# Speaker advice, EV vs Yorkville.



## Stong (Jan 3, 2006)

I'm looking at a potential purchase of some used speakers primarily for a band to use as a jam PA. Secondarily, they would be used for small gigs (lighter bands, ambient music) in small venues with no more than 200 people.

The used speakers in question are a pair of Yorkville YS-115's (it's the 200 watt cabinet in their performance series) or a pair of EV S152's. Both sets have only ever taken light use, probably about 3 or 4 years worth of being used once a month for light re-enforcement of a small band. I know they were treated quite well. In appearance, they are in great condition and both sound perfectly fine, I have been testing them for a few weeks.

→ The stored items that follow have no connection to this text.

(* Let $q\in[1,\infty)$ and let $(X,d_X)$ be a $q$-barycentric metric space that contains a geodesic segment (an isometric copy of a nondegenerate interval of $\mathbb{R}$). Then $q\ge2$.
   Context: For $q\in[1,\infty)$, $\beta>0$, a metric space $(X,d_X)$ is $q$-barycentric with constant $\beta$ if there is a map $\mathfrak{B}$ from finitely supported probability measures on $X$ to $X$, with $\mathfrak{B}(\delta_x)=x$, such that $d_X(\mathfrak{B}(\mu),x)^q+\beta^{-q}\int_X d_X(\mathfrak{B}(\mu),y)^q\,d\mu(y)\le\int_X d_X(x,y)^q\,d\mu(y)$ for all $x\in X$ and finitely supported probability measures $\mu$; $q$-barycentric means this holds for some $\beta$. *)

theory Defs
  imports "HOL-Analysis.Analysis" "HOL-Probability.Probability_Mass_Function"
begin

text \<open>Finitely supported probability measures on X are pmfs with finite support;
  integrals against them are finite weighted sums.\<close>

definition barycentric_map :: "real \<Rightarrow> real \<Rightarrow> ('a::metric_space pmf \<Rightarrow> 'a) \<Rightarrow> bool" where
  "barycentric_map q \<beta> B \<longleftrightarrow>
     (\<forall>x. B (return_pmf x) = x) \<and>
     (\<forall>\<mu> x. finite (set_pmf \<mu>) \<longrightarrow>
        dist (B \<mu>) x powr q
          + \<beta> powr (-q) * (\<Sum>y\<in>set_pmf \<mu>. pmf \<mu> y * dist (B \<mu>) y powr q)
        \<le> (\<Sum>y\<in>set_pmf \<mu>. pmf \<mu> y * dist x y powr q))"

definition q_barycentric :: "'a::metric_space itself \<Rightarrow> real \<Rightarrow> bool" where
  "q_barycentric (_::'a itself) q \<longleftrightarrow> (\<exists>\<beta>>0. \<exists>B::'a pmf \<Rightarrow> 'a. barycentric_map q \<beta> B)"

definition has_geodesic_segment :: "'a::metric_space itself \<Rightarrow> bool" where
  "has_geodesic_segment (_::'a itself) \<longleftrightarrow>
     (\<exists>a b. \<exists>\<gamma>::real \<Rightarrow> 'a. a < b \<and>
        (\<forall>s\<in>{a..b}. \<forall>t\<in>{a..b}. dist (\<gamma> s) (\<gamma> t) = \<bar>s - t\<bar>))"

end

theory Submission
  imports Defs
begin

text \<open>Put two equal masses at distance \<open>2e\<close> symmetrically about the midpoint of a geodesic
  segment of half-length \<open>L\<close>, and test the barycentric inequality at both endpoints of the
  segment. By convexity of \<open>r \<mapsto> r powr q\<close> the two left-hand sides add up to at least
  \<open>2 L powr q + 2 \<beta> powr (-q) e powr q\<close>, whereas the right-hand sides add up to
  \<open>(L + e) powr q + (L - e) powr q\<close>, which for \<open>q < 2\<close> exceeds \<open>2 L powr q\<close> only by
  \<open>O(e\<^sup>2 L powr (q - 2))\<close>. Letting \<open>e/L \<rightarrow> 0\<close> contradicts \<open>e powr q \<gg> e\<^sup>2\<close>.\<close>

lemma powr_ge_tangent_line:
  fixes z q :: real
  assumes "0 \<le> z" "1 \<le> q"
  shows "1 + q * (z - 1) \<le> z powr q"
proof (cases "z = 0")
  case True
  then show ?thesis using assms by simp
next
  case False
  with assms have "z > 0" by simp
  have "(z powr q) powr (1/q) * 1 powr (1 - 1/q) \<le> (1/q) * z powr q + (1 - 1/q) * 1"
    by (rule Youngs_inequality_0) (use assms \<open>z > 0\<close> in auto)
  moreover have "(z powr q) powr (1/q) = z" using assms \<open>z > 0\<close> by (simp add: powr_powr)
  ultimately have "q * z \<le> q * (z powr q / q + (1 - 1/q))"
    using assms by (simp add: mult_left_mono)
  also have "\<dots> = z powr q + q - 1" using assms by (simp add: field_simps)
  finally show ?thesis by (simp add: algebra_simps)
qed

lemma powr_le_tangent_line:
  fixes z a :: real
  assumes "0 < z" "0 \<le> a" "a \<le> 1"
  shows "z powr a \<le> 1 + a * (z - 1)"
proof -
  have "z powr a * 1 powr (1 - a) \<le> a * z + (1 - a) * 1"
    by (rule Youngs_inequality_0) (use assms in auto)
  then show ?thesis by (simp add: algebra_simps)
qed

lemma two_powr_le_powr_add:
  fixes u v L q :: real
  assumes "0 \<le> u" "0 \<le> v" "0 < L" "2 * L \<le> u + v" "1 \<le> q"
  shows "2 * L powr q \<le> u powr q + v powr q"
proof -
  have tangent: "L powr q * (1 + q * (w / L - 1)) \<le> w powr q" if "0 \<le> w" for w
  proof -
    have "1 + q * (w / L - 1) \<le> (w / L) powr q"
      by (rule powr_ge_tangent_line) (use assms that in auto)
    then show ?thesis using assms that by (simp add: powr_divide field_simps)
  qed
  have "2 \<le> (u + v) / L" using assms by (simp add: field_simps)
  then have "0 \<le> q * ((u + v) / L - 2)" using assms by simp
  then have "2 * L powr q \<le> L powr q * (2 + q * ((u + v) / L - 2))"
    using mult_left_mono[of 2 "2 + q * ((u + v) / L - 2)" "L powr q"] by (simp add: mult.commute)
  also have "\<dots> = L powr q * (1 + q * (u / L - 1)) + L powr q * (1 + q * (v / L - 1))"
    by (simp add: algebra_simps add_divide_distrib)
  also have "\<dots> \<le> u powr q + v powr q"
    using tangent[OF assms(1)] tangent[OF assms(2)] by (rule add_mono)
  finally show ?thesis .
qed

lemma powr_one_plus_add_powr_one_minus_le:
  fixes t q :: real
  assumes "0 \<le> t" "t < 1" "0 \<le> q" "q \<le> 2"
  shows "(1 + t) powr q + (1 - t) powr q \<le> 2 + q * t\<^sup>2"
proof -
  have "w powr q \<le> 1 + (q/2) * (w\<^sup>2 - 1)" if "0 < w" for w :: real
  proof -
    have "w powr q = (w powr (2::real)) powr (q/2)"
      by (simp only: powr_powr) simp
    also have "\<dots> = (w\<^sup>2) powr (q/2)"
      using that by (simp add: powr_realpow)
    also have "\<dots> \<le> 1 + (q/2) * (w\<^sup>2 - 1)"
      by (rule powr_le_tangent_line) (use assms that in auto)
    finally show ?thesis .
  qed
  from this[of "1 + t"] this[of "1 - t"] assms show ?thesis
    by (simp add: power2_eq_square algebra_simps)
qed

lemma exists_square_lt_const_mult_powr:
  fixes K q :: real
  assumes "0 < K" "q < 2"
  obtains t where "0 < t" "t < 1" "t\<^sup>2 < K * t powr q"
proof
  define t where "t = min (1/2) ((K/2) powr (1 / (2 - q)))"
  show "0 < t" "t < 1" using assms by (auto simp: t_def)
  have "t powr (2 - q) \<le> ((K/2) powr (1 / (2 - q))) powr (2 - q)"
    using \<open>0 < t\<close> assms by (intro powr_mono2) (auto simp: t_def)
  also have "\<dots> = K/2" using assms by (simp add: powr_powr)
  finally have "t powr (2 - q) \<le> K/2" .
  have "t\<^sup>2 = t powr q * t powr (2 - q)"
    using \<open>0 < t\<close> by (simp flip: powr_add)
  also have "\<dots> \<le> t powr q * (K/2)"
    using \<open>t powr (2 - q) \<le> K/2\<close> by (rule mult_left_mono) simp
  also have "\<dots> < K * t powr q"
    using assms \<open>0 < t\<close> by simp
  finally show "t\<^sup>2 < K * t powr q" .
qed

lemma barycentric_map_two_points:
  fixes B :: "'a::metric_space pmf \<Rightarrow> 'a"
  assumes "barycentric_map q \<beta> B" "y\<^sub>1 \<noteq> y\<^sub>2"
  defines "m \<equiv> B (pmf_of_set {y\<^sub>1, y\<^sub>2})"
  shows "2 * dist m x powr q + \<beta> powr (-q) * (dist m y\<^sub>1 powr q + dist m y\<^sub>2 powr q)
           \<le> dist x y\<^sub>1 powr q + dist x y\<^sub>2 powr q"
proof -
  let ?\<mu> = "pmf_of_set {y\<^sub>1, y\<^sub>2}"
  have mean: "(\<Sum>y\<in>set_pmf ?\<mu>. pmf ?\<mu> y * f y) = (f y\<^sub>1 + f y\<^sub>2) / 2" for f :: "'a \<Rightarrow> real"
    using assms(2) by simp
  have "finite (set_pmf ?\<mu>)" by simp
  then have "dist m x powr q + \<beta> powr (-q) * (\<Sum>y\<in>set_pmf ?\<mu>. pmf ?\<mu> y * dist m y powr q)
               \<le> (\<Sum>y\<in>set_pmf ?\<mu>. pmf ?\<mu> y * dist x y powr q)"
    using assms(1) unfolding barycentric_map_def m_def by blast
  then show ?thesis unfolding mean by (simp add: field_simps)
qed

lemma barycentric_map_segment_ineq:
  fixes B :: "'a::metric_space pmf \<Rightarrow> 'a" and \<gamma> :: "real \<Rightarrow> 'a"
  assumes bar: "barycentric_map q \<beta> B" and "1 \<le> q"
    and iso: "\<forall>s\<in>{c-L..c+L}. \<forall>r\<in>{c-L..c+L}. dist (\<gamma> s) (\<gamma> r) = \<bar>s - r\<bar>"
    and "0 < e" "e \<le> L"
  shows "2 * L powr q + 2 * \<beta> powr (-q) * e powr q \<le> (L + e) powr q + (L - e) powr q"
proof -
  let ?K = "\<beta> powr (-q)" and ?y\<^sub>1 = "\<gamma> (c - e)" and ?y\<^sub>2 = "\<gamma> (c + e)"
  define m where "m = B (pmf_of_set {?y\<^sub>1, ?y\<^sub>2})"
  define M where "M = dist m ?y\<^sub>1 powr q + dist m ?y\<^sub>2 powr q"
  have dist_y: "dist ?y\<^sub>1 ?y\<^sub>2 = 2 * e" using iso assms(4,5) by auto
  have dist_ends: "dist (\<gamma> (c - L)) (\<gamma> (c + L)) = 2 * L" using iso assms(4,5) by auto
  have "?y\<^sub>1 \<noteq> ?y\<^sub>2" using dist_y assms(4) by auto
  note test = barycentric_map_two_points[OF bar this, folded m_def, folded M_def]
  have "2 * dist m (\<gamma> (c - L)) powr q + ?K * M \<le> (L + e) powr q + (L - e) powr q"
    using test[of "\<gamma> (c - L)"] iso assms(4,5) by (simp add: add.commute)
  moreover have "2 * dist m (\<gamma> (c + L)) powr q + ?K * M \<le> (L + e) powr q + (L - e) powr q"
    using test[of "\<gamma> (c + L)"] iso assms(4,5) by (simp add: dist_commute add.commute)
  moreover have "2 * L powr q \<le> dist m (\<gamma> (c - L)) powr q + dist m (\<gamma> (c + L)) powr q"
    using two_powr_le_powr_add dist_ends dist_triangle[of "\<gamma> (c - L)" "\<gamma> (c + L)" m] assms
    by (simp add: dist_commute)
  moreover have "2 * e powr q \<le> M"
    using two_powr_le_powr_add dist_y dist_triangle[of ?y\<^sub>1 ?y\<^sub>2 m] assms
    by (simp add: M_def dist_commute)
  then have "?K * (2 * e powr q) \<le> ?K * M" by (rule mult_left_mono) simp
  ultimately show ?thesis by linarith
qed

lemma barycentric_map_segment_ineq_normalized:
  fixes B :: "'a::metric_space pmf \<Rightarrow> 'a" and \<gamma> :: "real \<Rightarrow> 'a"
  assumes bar: "barycentric_map q \<beta> B" and "1 \<le> q" and "a < b"
    and iso: "\<forall>s\<in>{a..b}. \<forall>r\<in>{a..b}. dist (\<gamma> s) (\<gamma> r) = \<bar>s - r\<bar>"
    and "0 < t" "t < 1"
  shows "2 + 2 * \<beta> powr (-q) * t powr q \<le> (1 + t) powr q + (1 - t) powr q"
proof -
  define L where "L = (b - a) / 2"
  have "L > 0" using \<open>a < b\<close> by (simp add: L_def)
  have "{(a + b) / 2 - L..(a + b) / 2 + L} = {a..b}" by (simp add: L_def field_simps)
  moreover have "0 < t * L" "t * L \<le> L" using \<open>L > 0\<close> assms(5,6) by auto
  ultimately have "2 * L powr q + 2 * \<beta> powr (-q) * (t * L) powr q
                     \<le> (L + t * L) powr q + (L - t * L) powr q"
    using barycentric_map_segment_ineq[OF bar \<open>1 \<le> q\<close>, of "(a + b) / 2" L \<gamma> "t * L"] iso
    by simp
  moreover have "(L + t * L) powr q = L powr q * (1 + t) powr q"
    using powr_mult[of L "1 + t" q] \<open>L > 0\<close> \<open>0 < t\<close> by (simp add: algebra_simps)
  moreover have "(L - t * L) powr q = L powr q * (1 - t) powr q"
    using powr_mult[of L "1 - t" q] \<open>L > 0\<close> \<open>t < 1\<close> by (simp add: algebra_simps)
  moreover have "(t * L) powr q = L powr q * t powr q"
    using powr_mult[of t L q] \<open>L > 0\<close> \<open>0 < t\<close> by (simp add: algebra_simps)
  ultimately have "L powr q * (2 + 2 * \<beta> powr (-q) * t powr q)
                     \<le> L powr q * ((1 + t) powr q + (1 - t) powr q)"
    by (simp add: algebra_simps)
  then show ?thesis using \<open>L > 0\<close> by simp
qed

theorem mainTheorem15:
  fixes q :: real
  assumes "1 \<le> q"
    and "q_barycentric TYPE('a::metric_space) q"
    and "has_geodesic_segment TYPE('a)"
  shows "2 \<le> q"
proof (rule ccontr)
  assume "\<not> 2 \<le> q"
  obtain \<beta> and B :: "'a pmf \<Rightarrow> 'a" where "\<beta> > 0" and bar: "barycentric_map q \<beta> B"
    using assms(2) unfolding q_barycentric_def by blast
  obtain a b and \<gamma> :: "real \<Rightarrow> 'a" where "a < b"
    and iso: "\<forall>s\<in>{a..b}. \<forall>r\<in>{a..b}. dist (\<gamma> s) (\<gamma> r) = \<bar>s - r\<bar>"
    using assms(3) unfolding has_geodesic_segment_def by blast
  obtain t where t: "0 < t" "t < 1" "t\<^sup>2 < \<beta> powr (-q) * t powr q"
    using exists_square_lt_const_mult_powr[of "\<beta> powr (-q)" q] \<open>\<beta> > 0\<close> \<open>\<not> 2 \<le> q\<close> by auto
  have "2 + 2 * \<beta> powr (-q) * t powr q \<le> (1 + t) powr q + (1 - t) powr q"
    using barycentric_map_segment_ineq_normalized[OF bar assms(1) \<open>a < b\<close> iso t(1,2)] .
  also have "\<dots> \<le> 2 + q * t\<^sup>2"
    using powr_one_plus_add_powr_one_minus_le[of t q] t assms(1) \<open>\<not> 2 \<le> q\<close> by simp
  also have "\<dots> \<le> 2 + 2 * t\<^sup>2"
    using mult_right_mono[of q 2 "t\<^sup>2"] \<open>\<not> 2 \<le> q\<close> by simp
  finally show False using t(3) by simp
qed

end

Both are 200 watt / 8 ohm cabs.

I'm wondering if people have a preference between these two speakers or have any thoughts on either of them that I should consider.

I am also interested in thoughts on what the value of either of these pairs of cabs might be. 

Thanks in advance!


----------



## the_dude (Jan 4, 2006)

I've never heard the s152's, but I'd take most EV's over Yorkville's any day.


----------



## Mayhem (Jan 4, 2006)

Well you have been road testing them for two weeks - what is your preference?

If there is nothing separating the performance of the two in your mind, take them to a speaker repair shop and have them run up the speakers for you to ensure there are no mechanical fatigue that will cause problems down the track. Soft spiders come to mind.

They may even offer an opinion based upon what they have seen through the door for repairs over the years.

What about size and weight? Would one be easier to lug around than the other (given the same or similar performance).


----------



## Stong (Jan 4, 2006)

Thanks for the replies. They yorkvilles are definately smaller and lighter, they EV's feel much more rugged. I'm going to spend some serious time in front of them.


----------